Mondal S.; Mukherjee, S.; Das, T. K.; Gonnade, R. G.; Biju, A. T. N-Heterocyclic Carbene-Catalyzed Aldol-Lactonization of Ketoacids via Dynamic Kinetic Resolution, ACS Catal. 2017, 7, 3995.(Highlighted in Organic Chemistry Portal)
N-Heterocyclic carbene (NHC)-catalyzed enantioselective aldol lactonization of acyclic ketoacids, proceeding via dynamic kinetic resolution, is presented. The carbene generated from the chiral aminoindanol-derived triazolium salt in the presence of LiCl was the key for the success of this transformation. The reaction allowed the diastereoselective and enantioselective synthesis of cyclopentane-fused β-lactones having three contiguous stereocenters. The reaction products are shown to undergo substrate-controlled β-lactone opening in the presence of amines to afford succinimide derivatives with four contiguous stereocenters.

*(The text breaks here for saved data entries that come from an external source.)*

lemma tendsto_measure_Int_closed:
  fixes P Q :: "'a::metric_space measure"
  assumes P: "finite_measure P" "sets borel \<subseteq> sets P"
    and Q: "finite_measure Q" "sets borel \<subseteq> sets Q"
    and A: "\<And>n. A n \<in> sets P"
    and weak: "\<And>f :: 'a \<Rightarrow> real. continuous_on UNIV f \<Longrightarrow> bounded (range f) \<Longrightarrow>
       (\<lambda>n. \<integral>x. indicator (A n) x * f x \<partial>P) \<longlonglongrightarrow> (\<integral>x. f x \<partial>Q)"
    and F: "closed F"
  shows "(\<lambda>n. measure P (F \<inter> A n)) \<longlonglongrightarrow> measure Q F"
proof (cases "F = {}")
  case False
  define f where "f k = (\<lambda>x. max 0 (1 - real k * infdist x F))" for k
  have f_cont: "continuous_on UNIV (f k)" for k
    unfolding f_def by (intro continuous_intros)
  have f_bounds: "0 \<le> f k x" "f k x \<le> 1" "indicator F x \<le> f k x" "\<bar>f k x - indicator F x\<bar> \<le> 1"
    for k x
    unfolding f_def using infdist_nonneg[of x F] by (auto simp: indicator_def)
  have f_lim: "(\<lambda>k. f k x) \<longlonglongrightarrow> indicator F x" for x
    unfolding f_def by (rule tendsto_cutoff_infdist_indicator[OF F False])
  have space: "space P = UNIV" "space Q = UNIV"
    using space_eq_UNIV_if_sets_borel_subset P(2) Q(2) by auto
  have [measurable]: "F \<in> sets P" "F \<in> sets Q"
    using F P(2) Q(2) by auto
  have [measurable]: "f k \<in> borel_measurable P" "f k \<in> borel_measurable Q" for k
    using borel_measurable_subalgebra[OF _ _ borel_measurable_continuous_onI[OF f_cont]] space P(2) Q(2)
    by auto
  have "(\<lambda>k. \<integral>x. f k x - indicator F x \<partial>P) \<longlonglongrightarrow> (\<integral>x. 0 \<partial>P)"
  proof (rule integral_dominated_convergence[where w="\<lambda>_. 1"])
    show "AE x in P. (\<lambda>k. f k x - indicator F x) \<longlonglongrightarrow> 0"
      using f_lim by (intro AE_I2 LIM_zero)
    show "\<And>k. AE x in P. norm (f k x - indicator F x) \<le> 1"
      using f_bounds by simp
  qed (use P(1) in \<open>auto intro: finite_measure.integrable_const\<close>)
  moreover have "(\<lambda>k. \<integral>x. f k x \<partial>Q) \<longlonglongrightarrow> (\<integral>x. indicator F x \<partial>Q)"
  proof (rule integral_dominated_convergence[where w="\<lambda>_. 1"])
    show "\<And>k. AE x in Q. norm (f k x) \<le> 1"
      using f_bounds by auto
  qed (use Q(1) f_lim in \<open>auto intro: finite_measure.integrable_const\<close>)
  moreover have "bounded (range (f k))" for k
    using f_bounds by (auto simp: bounded_iff intro!: exI[of _ 1])
  ultimately show ?thesis
    using LIMSEQ_approximation[OF finite_measure.dist_measure_Int_integral_le[OF P(1)] weak[OF f_cont]]
      f_bounds A space by simp
qed simp
lemma compact_obtains_finite_nonvanishing_points:
  fixes K :: "('a::topological_space \<Rightarrow> real) set"
  assumes "compact K" "(\<lambda>_. 0) \<notin> K"
  obtains V where "finite V" "\<forall>k\<in>K. \<exists>w\<in>V. k w \<noteq> 0"
proof -
  have "open {k::'a \<Rightarrow> real. k w \<noteq> 0}" for w
  proof -
    have "open ((\<lambda>k::'a \<Rightarrow> real. k w) -` (- {0}))"
      by (intro open_vimage open_Compl) auto
    then show ?thesis
      by (simp add: vimage_def)
  qed
  moreover have "K \<subseteq> (\<Union>w\<in>UNIV. {k. k w \<noteq> 0})"
  proof
    fix k
    assume "k \<in> K"
    with assms(2) have "k \<noteq> (\<lambda>_. 0)"
      by blast
    then obtain w where "k w \<noteq> 0"
      by (meson ext)
    then show "k \<in> (\<Union>w\<in>UNIV. {k. k w \<noteq> 0})"
      by blast
  qed
  ultimately obtain V where "finite V" "K \<subseteq> (\<Union>w\<in>V. {k. k w \<noteq> 0})"
    by (rule compactE_image[OF assms(1)])
  then show ?thesis
    using that by blast
qed

lemma sum_power2_le_sum_mult_if_minimal_on_segment:
  fixes p k :: "'b \<Rightarrow> real"
  assumes "\<And>t. 0 < t \<Longrightarrow> t \<le> 1 \<Longrightarrow> (\<Sum>w\<in>V. (p w)\<^sup>2) \<le> (\<Sum>w\<in>V. ((1 - t) * p w + t * k w)\<^sup>2)"
  shows "(\<Sum>w\<in>V. (p w)\<^sup>2) \<le> (\<Sum>w\<in>V. p w * k w)"
proof -
  define A where "A = (\<Sum>w\<in>V. p w * (k w - p w))"
  define Q where "Q = (\<Sum>w\<in>V. (k w - p w)\<^sup>2)"
  have expand: "(\<Sum>w\<in>V. ((1 - t) * p w + t * k w)\<^sup>2) = (\<Sum>w\<in>V. (p w)\<^sup>2) + t * (2 * A + t * Q)" for t
  proof -
    have "(\<Sum>w\<in>V. ((1 - t) * p w + t * k w)\<^sup>2)
        = (\<Sum>w\<in>V. (p w)\<^sup>2 + t * (2 * (p w * (k w - p w))) + t * (t * (k w - p w)\<^sup>2))"
      by (intro sum.cong) (auto simp: power2_eq_square algebra_simps)
    then show ?thesis
      unfolding A_def Q_def by (simp add: sum.distrib sum_distrib_left distrib_left)
  qed
  have "eventually (\<lambda>t. t \<in> {0<..<1}) (at_right (0::real))"
    by (rule eventually_at_right_real) simp
  then have "eventually (\<lambda>t. 0 \<le> 2 * A + t * Q) (at_right 0)"
  proof eventually_elim
    case (elim t)
    then have "0 \<le> t * (2 * A + t * Q)"
      using assms[of t] expand[of t] by simp
    with elim show ?case
      by (simp add: zero_le_mult_iff)
  qed
  moreover have "((\<lambda>t. 2 * A + t * Q) \<longlongrightarrow> 2 * A) (at_right 0)"
    by (auto intro!: tendsto_eq_intros)
  ultimately have "0 \<le> A"
    using tendsto_lowerbound[of _ "2 * A"] by fastforce
  then show ?thesis
    unfolding A_def by (simp add: right_diff_distrib sum_subtractf power2_eq_square)
qed
text \<open>A sum over the solutions of the affine system v_j . (y + k) = c_j only sees the
  Fourier coefficients of the summand on the span of the v_j.\<close>

lemma sum_affine_constraints_fourier:
  fixes h :: "bool list \<Rightarrow> complex"
  assumes vs: "set vs \<subseteq> bvecs n" and c: "c \<in> bvecs (length vs)" and k: "k \<in> bvecs n"
  shows "(\<Sum>y\<in>{y\<in>bvecs n. \<forall>j<length vs. bdot (vs ! j) (bxor y k) = c ! j}. h y)
    = (1 / 2 ^ length vs) * (\<Sum>t\<in>bvecs (length vs). sgn1 (bdot (lincomb n vs t) k \<noteq> bdot t c) *
         (\<Sum>y\<in>bvecs n. sgn1 (bdot (lincomb n vs t) y) * h y))"
proof -
  let ?m = "length vs"
  let ?L = "lincomb n vs"
  have L: "?L t \<in> bvecs n" if "t \<in> bvecs ?m" for t
    using that vs by simp
  have "(\<Sum>y\<in>{y\<in>bvecs n. \<forall>j<?m. bdot (vs ! j) (bxor y k) = c ! j}. h y)
      = (\<Sum>y\<in>bvecs n. of_bool (\<forall>j<?m. bdot (vs ! j) (bxor y k) = c ! j) * h y)"
    by (simp add: Int_def conj_commute)
  also have "\<dots> = (\<Sum>y\<in>bvecs n. (1 / 2 ^ ?m) *
      (\<Sum>t\<in>bvecs ?m. sgn1 (bdot (?L t) y) * sgn1 (bdot (?L t) k \<noteq> bdot t c)) * h y)"
  proof (rule sum.cong[OF refl])
    fix y assume y: "y \<in> bvecs n"
    have "sgn1 (bdot (?L t) (bxor y k) \<noteq> bdot t c) = sgn1 (bdot (?L t) y) * sgn1 (bdot (?L t) k \<noteq> bdot t c)"
      if "t \<in> bvecs ?m" for t
      using L[OF that] y k by (simp add: bdot_bxor sgn1_def)
    then show "of_bool (\<forall>j<?m. bdot (vs ! j) (bxor y k) = c ! j) * h y
        = (1 / 2 ^ ?m) * (\<Sum>t\<in>bvecs ?m. sgn1 (bdot (?L t) y) * sgn1 (bdot (?L t) k \<noteq> bdot t c)) * h y"
      using indicator_constraints_fourier[OF vs c, of "bxor y k"] y k by simp
  qed
  also have "\<dots> = (1 / 2 ^ ?m) * (\<Sum>y\<in>bvecs n. \<Sum>t\<in>bvecs ?m.
      sgn1 (bdot (?L t) k \<noteq> bdot t c) * (sgn1 (bdot (?L t) y) * h y))"
    by (simp add: sum_distrib_left sum_distrib_right ac_simps)
  also have "\<dots> = (1 / 2 ^ ?m) * (\<Sum>t\<in>bvecs ?m. \<Sum>y\<in>bvecs n.
      sgn1 (bdot (?L t) k \<noteq> bdot t c) * (sgn1 (bdot (?L t) y) * h y))"
    by (subst sum.swap) (rule refl)
  also have "\<dots> = (1 / 2 ^ ?m) * (\<Sum>t\<in>bvecs ?m. sgn1 (bdot (?L t) k \<noteq> bdot t c) *
         (\<Sum>y\<in>bvecs n. sgn1 (bdot (?L t) y) * h y))"
    by (simp add: sum_distrib_left)
  finally show ?thesis .
qed

lemma fourier_inversion:
  fixes f :: "bool list \<Rightarrow> complex"
  assumes "z \<in> bvecs n"
  shows "(\<Sum>x\<in>bvecs n. sgn1 (bdot z x) * (\<Sum>z'\<in>bvecs n. sgn1 (bdot x z') * f z')) = 2 ^ n * f z"
proof -
  have "(\<Sum>x\<in>bvecs n. sgn1 (bdot z x) * (\<Sum>z'\<in>bvecs n. sgn1 (bdot x z') * f z'))
      = (\<Sum>x\<in>bvecs n. \<Sum>z'\<in>bvecs n. sgn1 (bdot x z) * sgn1 (bdot x z') * f z')"
    by (simp add: sum_distrib_left bdot_comm[of z] mult.assoc)
  also have "\<dots> = (\<Sum>z'\<in>bvecs n. \<Sum>x\<in>bvecs n. sgn1 (bdot x z) * sgn1 (bdot x z') * f z')"
    by (rule sum.swap)
  also have "\<dots> = (\<Sum>z'\<in>bvecs n. (\<Sum>x\<in>bvecs n. sgn1 (bdot x z) * sgn1 (bdot x z')) * f z')"
    by (simp add: sum_distrib_right)
  also have "\<dots> = (\<Sum>z'\<in>bvecs n. if z = z' then 2 ^ n * f z' else 0)"
    using assms by (intro sum.cong refl) (simp add: sum_sgn1_bdot_orthogonal)
  finally show ?thesis
    using assms by (simp add: sum.delta)
qed

subsection \<open>Clifford covariance of framed Wigner functions\<close>

definition clifford_frame :: "nat \<Rightarrow> (point \<Rightarrow> point) \<Rightarrow> (point \<Rightarrow> bool) \<Rightarrow> (point \<Rightarrow> bool) \<Rightarrow> point \<Rightarrow> bool" where
  "clifford_frame n S F P b = (let a = inv_into (pts n) S b in F a \<noteq> P a)"

lemma wigner_eq_sum_mtrace:
  assumes R: "\<rho> \<in> carrier_mat (2 ^ n) (2 ^ n)"
  shows "wigner n F \<rho> u = (1 / 2 ^ n) * (1 / 2 ^ n) *
     (\<Sum>a\<in>pts n. sgn1 (symp u a \<noteq> F a) * mtrace (\<rho> * pauliT n a))"
proof -
  let ?N = "2 ^ n :: nat"
  let ?g = "\<lambda>a. sgn1 (symp u a \<noteq> F a)"
  have "mtrace (\<rho> * phase_point_op n F u) = (\<Sum>i<?N. \<Sum>k<?N. \<rho> $$ (i, k) * phase_point_op n F u $$ (k, i))"
    by (rule mtrace_mult[OF R phase_point_op_carrier])
  also have "\<dots> = (\<Sum>i<?N. \<Sum>k<?N. \<Sum>a\<in>pts n. (1 / 2 ^ n) * (?g a * (\<rho> $$ (i, k) * pauliT n a $$ (k, i))))"
    unfolding phase_point_op_def by (intro sum.cong refl) (simp add: sum_distrib_left ac_simps)
  also have "\<dots> = (\<Sum>i<?N. \<Sum>a\<in>pts n. \<Sum>k<?N. (1 / 2 ^ n) * (?g a * (\<rho> $$ (i, k) * pauliT n a $$ (k, i))))"
    by (intro sum.cong refl sum.swap)
  also have "\<dots> = (\<Sum>a\<in>pts n. \<Sum>i<?N. \<Sum>k<?N. (1 / 2 ^ n) * (?g a * (\<rho> $$ (i, k) * pauliT n a $$ (k, i))))"
    by (rule sum.swap)
  also have "\<dots> = (1 / 2 ^ n) * (\<Sum>a\<in>pts n. ?g a * mtrace (\<rho> * pauliT n a))"
    by (simp add: sum_distrib_left mtrace_mult[OF R pauliT_carrier])
  finally show ?thesis
    unfolding wigner_def by simp
qed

Patra, A.; Mukherjee, S.; Das, T. K.; Jain, S.; Gonnade, R.; Biju, A. T. N-Heterocyclic Carbene-Catalyzed Umpolung of Imines. Angew. Chem. Int. Ed. 2017, 56, 2730.(Highlighted in Synfacts 2017, 13, 466; Highlighted in Organic Chemistry Portal, Highlighted in Org. Chem. Front. 2019, 6, 3821.)
N-Heterocyclic carbene (NHC) catalysis has been widely used for the umpolung of aldehydes, and recently for the umpolung of Michael acceptors. Described herein is the umpolung of aldimines catalyzed by NHCs, and the reaction likely proceeds via aza-Breslow intermediates. The NHC-catalyzed intramolecular cyclization of aldimines bearing a Michael acceptor resulted in the formation of biologically important 2-(hetero)aryl indole 3-acetic-acid derivatives in moderate to good yields. The carbene generated from the bicyclic triazolium salt was found to be efficient for this transformation.